С озера уже веяло прохладой, темные воды опутал легкий туман, что полз медленно на берег, невесомый ветер приносил лесной аромат. Тихо потрескивали паленья в разгоревшемся костре, на вертеле жарилась рыба, и зверки шевелись в кустах, словно готовые бежать на запах жареной рыбы. Мария сегодня стащила из погреба бутылку розового вина, которую они распили вместе. Захмелев, они улеглись спать, тесно прижавшись, друг к другу, так они проспали всю ночь. Проснулись они только с рассветом, огонь уже погас. Артур ощущал себя пещерным человеком, у Марии все платье было в соринках, но даже не сделала ни одной попытки, чтобы очистить его.
Их встретил помощник Эдварда – мистер Кенни. Виктор понял, что сейчас им влетит за их поведение, хотя он давно уже потерял страх перед отцом, а еще он не мог запереть в замке, он бы все равно сбежал. Они, тихо смеясь, пронеслись, как вихорь по всему замку, уходя в комнаты, отведенные для них, они громко пробежали мимо комнаты Руфуса и Анны. В открытую дверь просунулась рыжая голова Руфуса, Мария показала язык, и на его женственном лице появилась непонятная гримаса. Наспех переодевшись, они, снова смеясь, вбежали в Цветочную столовую, где Сьюзи уже накрывала на стол.
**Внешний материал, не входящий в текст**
lemma norm_R_numerator_le:
  fixes t :: complex
  assumes t: "norm t \<ge> 2 * real n + 2"
  shows "norm ((t + of_nat n / 2) * pochhammer (t - of_nat n) n ^ 3 * pochhammer (t + of_nat n + 1) n ^ 3)
           \<le> (2 * norm t) ^ (6 * n + 1)"
proof -
  have "norm (t + of_nat n / 2) \<le> 2 * norm t"
    using norm_triangle_ineq[of t "of_nat n / 2"] t by (simp add: norm_divide)
  moreover have "norm (pochhammer (t - of_nat n) n) \<le> (2 * norm t) ^ n"
  proof -
    have "norm (t - of_nat n) + n \<le> 2 * norm t"
      using norm_triangle_ineq4[of t "of_nat n"] t by simp
    then show ?thesis
      using norm_pochhammer_le[of "t - of_nat n" n] by (meson order_trans power_mono norm_ge_zero
          add_nonneg_nonneg of_nat_0_le_iff)
  qed
  moreover have "norm (pochhammer (t + of_nat n + 1) n) \<le> (2 * norm t) ^ n"
  proof -
    have "norm (t + (of_nat n + 1)) \<le> norm t + (n + 1)"
      using norm_triangle_ineq[of t "of_nat n + 1"] norm_of_nat[of "Suc n", where 'a=complex]
      by (simp add: add.commute)
    then have "norm (t + of_nat n + 1) + n \<le> 2 * norm t"
      using t by (simp add: add.assoc)
    then show ?thesis
      using norm_pochhammer_le[of "t + of_nat n + 1" n] by (meson order_trans power_mono norm_ge_zero
          add_nonneg_nonneg of_nat_0_le_iff)
  qed
  ultimately have "norm ((t + of_nat n / 2) * pochhammer (t - of_nat n) n ^ 3 * pochhammer (t + of_nat n + 1) n ^ 3)
      \<le> (2 * norm t) * ((2 * norm t) ^ n) ^ 3 * ((2 * norm t) ^ n) ^ 3"
    unfolding norm_mult norm_power by (intro mult_mono power_mono) auto
  also have "\<dots> = (2 * norm t) ^ (6 * n + 1)"
    by (simp flip: power_mult power_add add: algebra_simps)
  finally show ?thesis .
qed

lemma norm_R_denominator_ge:
  fixes t :: complex
  assumes t: "norm t \<ge> 2 * real n + 2"
  shows "(norm t / 2) ^ ((n + 1) * a) \<le> norm (pochhammer t (n + 1) ^ a)"
proof -
  have "norm t / 2 \<le> norm t - real (n + 1)" using t by simp
  then have "(norm t / 2) ^ (n + 1) \<le> (norm t - real (n + 1)) ^ (n + 1)"
    by (intro power_mono) auto
  also have "\<dots> \<le> norm (pochhammer t (n + 1))"
    using norm_pochhammer_ge[of "n + 1" t] t by simp
  finally have "((norm t / 2) ^ (n + 1)) ^ a \<le> norm (pochhammer t (n + 1)) ^ a"
    by (intro power_mono) auto
  then show ?thesis by (simp only: norm_power power_mult)
qed

lemma norm_R_le:
  fixes t :: complex
  assumes a: "a \<ge> 6" and t: "norm t \<ge> 2 * real n + 2"
  shows "norm (R a n t) \<le> fact n ^ (a - 6) * 2 ^ (6 * n + 1) * 2 ^ ((n + 1) * a) / norm t ^ 5"
proof -
  define X where "X = norm t"
  define K where "K = (fact n ^ (a - 6) :: real)"
  have X: "X \<ge> 1" using t by (simp add: X_def)
  have "norm (fact n ^ (a - 6) * (t + of_nat n / 2) * pochhammer (t - of_nat n) n ^ 3
      * pochhammer (t + of_nat n + 1) n ^ 3)
      = K * norm ((t + of_nat n / 2) * pochhammer (t - of_nat n) n ^ 3 * pochhammer (t + of_nat n + 1) n ^ 3)"
    by (simp add: norm_mult norm_power K_def)
  also have "\<dots> \<le> K * (2 * X) ^ (6 * n + 1)"
    unfolding X_def by (rule mult_left_mono[OF norm_R_numerator_le[OF t]]) (simp add: K_def)
  finally have numerator: "norm (fact n ^ (a - 6) * (t + of_nat n / 2) * pochhammer (t - of_nat n) n ^ 3
      * pochhammer (t + of_nat n + 1) n ^ 3) \<le> K * (2 * X) ^ (6 * n + 1)" .
  have "(X / 2) ^ ((n + 1) * a) > 0" using X by simp
  then have "norm (R a n t) \<le> K * (2 * X) ^ (6 * n + 1) / (X / 2) ^ ((n + 1) * a)"
    unfolding R_def norm_divide X_def
    by (intro frac_le[OF _ numerator[unfolded X_def]] norm_R_denominator_ge[OF t]) (simp_all add: K_def)
  also have "\<dots> = K * 2 ^ (6 * n + 1) * 2 ^ ((n + 1) * a) * (X ^ (6 * n + 1) / X ^ ((n + 1) * a))"
    by (simp add: field_simps)
  also have "X ^ (6 * n + 1) / X ^ ((n + 1) * a) \<le> 1 / X ^ 5"
  proof -
    have "X ^ (6 * n + 1 + 5) \<le> X ^ ((n + 1) * a)"
      using X mult_le_mono2[OF a, of "n + 1"] by (intro power_increasing) auto
    then have "X ^ (6 * n + 1) * X ^ 5 \<le> X ^ ((n + 1) * a)" by (simp only: power_add)
    then show ?thesis using X by (simp add: divide_simps)
  qed
  finally show ?thesis
    by (simp add: X_def K_def)
qed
- Я не скажу, что вы не ночевали, и потом мистеру Кенни сказала, что вы с рассветом решили пойти на улицу, - она положила перед ними круассаны политые вишневым вареньем.
С Каролиной у них испортились отношения, и уже немолодая служанка предпочитала прикрывать и поддерживать молодых хозяев. Сьюзи разуверилась в тот день, когда Каролина предложила подсыпать в еду старших детей травы, чтобы ослаб их организм. Сьюзи посчитала это безбожием, и страшным грехом, и не стала этого делать, сказав хозяйке, что делает это постоянно, когда дети в Хомсбери. Каролина же решила, что организм слишком крепкий и не сразу воспринимает отвары.
- Спасибо тебе, Сьюзи, - поблагодарил Виктор.
- Завтракайте, а то придет миледи, и будет выбирать все самое лучшее мистеру Руфусу и мисс Анне, - они жадно накинулись на пышные оладьи и ветчины с домашним сыром.
- Всем доброе утро, - пришла Каролина вместе с младшими детьми. Виктор взглянул на мать, та увидела беглый взгляд сына, - Руфус, завтракай быстрее, мы сейчас поедем к отцу.
- О, - он радовался этому, - а ты Виктор не поедешь!
- Больно надо, - выпалил он, - что там интересного, равным счетом ничего.
- Когда-нибудь все это достанется тебе Виктор, - Каролина намазывала булочки маслом.
- Это не наступит никогда, - Виктор встал, и ушел, Каролина ощущала сладкий вкус свободы на губах.
Сын отдаляется от них всех, и Мария идет за ним следом.
₪
В августе 1909 года умерла Фелисите, Эдвард узнал об этом, когда в спешке уезжал в Антрим. Ему принесли прощальное письмо матери, которое он вскрыл по дороге в свою контору:
Мой сын,
Я хочу, чтобы ты сохранил все наше богатство. Прошу тебя избавься от своей жены, из-за нее произойдет много бед, и если ты этого не сделаешь, то все рухнет в один день. Перестань давить на Виктора, и дай ему возможность выбирать свой путь самому, потому что он приумножит наше состояние. Не отдавай Марию замуж без любви, это ужасно и противно для нее. Не давай большей свободы Руфусу, он мягкотелый, он игрушка и орудие в руках Каролины, он не тот человек, что нужен нашей семьи. Оторви Анну от матери, ей нужна самостоятельность, иначе все закончиться это плачевно.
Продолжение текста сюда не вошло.